With economic and housing market factors trending upward throughout much of the year, both consumers and builders will be going into 2013 more optimistic than in recent years. A new report from the National Association of Home Builders reveals builders are more confident in activity regarding newly built properties.

Data from the December Housing Market Index shows builder confidence in the housing market increased two points, marking the eighth consecutive month of gains. NAHB notes this is also the highest level seen by the index since April 2006, before the housing market slump began. 

Housing market activity has been unusually high, as noted in mortgage records, even throughout the slower season for applications and sales. This is likely credited to high affordability offered by mortgage rates, which has resulted in increased sales and lower inventories throughout many markets across the country. While these factors have made home buying less challenging financially, strict lending standards put in place at the start of the recession have made getting approved for a mortgage difficult.

“Builders across the country are reporting some of the best sales conditions they’ve seen in more than five years, with more serious buyers coming forward and a shrinking number of vacant and foreclosed properties on the market,” said NAHB chairman Barry Rutenberg, a home builder from Gainesville, Fla. “However, one thing that is still holding back potential home sales is the difficulty that many families are encountering in getting qualified for a mortgage due to today’s overly stringent lending standards.”
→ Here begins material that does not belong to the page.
(* Let $P_x$ be a category of partitions. Then: (1) if $p\in P_x(k,l)$ then $\bar p\in P_x(0,k+l)$; (2) if $p\in P_x$ has a block with $s$ elements, then $1_s\in P_x(0,s)$ or $\uparrow\otimes 1_s\in P_x(0,s+1)$; (3) if $p\in P(k,l)$ is such that for every block $b$ of $p$ one has $1_{|b|}\in P_x(0,|b|)$, then $p\in P_x(k,l)$.
   Context: For integers $k,l\ge0$, $P(k,l)$ is the set of partitions (decompositions into disjoint nonempty blocks) of a set consisting of $k$ upper points labelled $1,\dots,k$ and $l$ lower points labelled $1,\dots,l$, pictured with the upper points on a top row and the lower points on a bottom row. Tensor product: for $p\in P(k,l)$, $q\in P(k',l')$, $p\otimes q\in P(k+k',l+l')$ is obtained by placing $q$ to the right of $p$. Composition: for $p\in P(m,l)$ and $q\in P(k,m)$, $pq\in P(k,l)$ is obtained by placing $q$ above $p$, identifying the $m$ lower points of $q$ with the $m$ upper points of $p$, merging blocks connected through these middle points, and then deleting the middle points together with all blocks consisting only of middle points. Involution: $p^*\in P(l,k)$ is the upside-down reflection of $p\in P(k,l)$. Special partitions: $|\in P(1,1)$ (one block containing the upper and the lower point); the basic crossing in $P(2,2)$, with blocks $\{\text{upper }1,\text{lower }2\}$ and $\{\text{upper }2,\text{lower }1\}$; $\sqcap\in P(0,2)$ (one block containing both lower points); $\uparrow\in P(0,1)$ (the singleton). A category of partitions is a family of subsets $P_x(k,l)\subset P(k,l)$ ($k,l\ge0$) stable under tensor product, composition (whenever defined) and involution, and containing $|$, the basic crossing and $\sqcap$. For $s\ge1$, $1_s\in P(0,s)$ denotes the one-block partition of $s$ lower points. For $p\in P(k,l)$, $\bar p\in P(0,k+l)$ is obtained by rotating the upper points counterclockwise down to the bottom row: its lower points $1,\dots,k$ are the former upper points $k,k-1,\dots,1$ and its lower points $k+1,\dots,k+l$ are the former lower points $1,\dots,l$, the block structure being unchanged. *)

theory Defs
  imports Main "HOL-Library.Disjoint_Sets"
begin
Another component of the index, which measure sales expectations for the current time being, also grew by two points on a month-over-month basis to 51. A separate measurement of sales expectations for the next six months declined slightly, falling one point to 51. Together, the three index figures are used to measure anticipated activity from buyers in the new-home market, with predicted traffic of those making the investment improved by one point to 36.

Despite positive news of improving aspects of the newly built market including a closing gap between buyer demand and seller supply, there are many other areas in which it can get better. In a recent report from Freddie Mac, the GSE predicts that home prices and sales will remain strong in 2013, while mortgage rates will likely stay below 4 percent, providing additional affordability.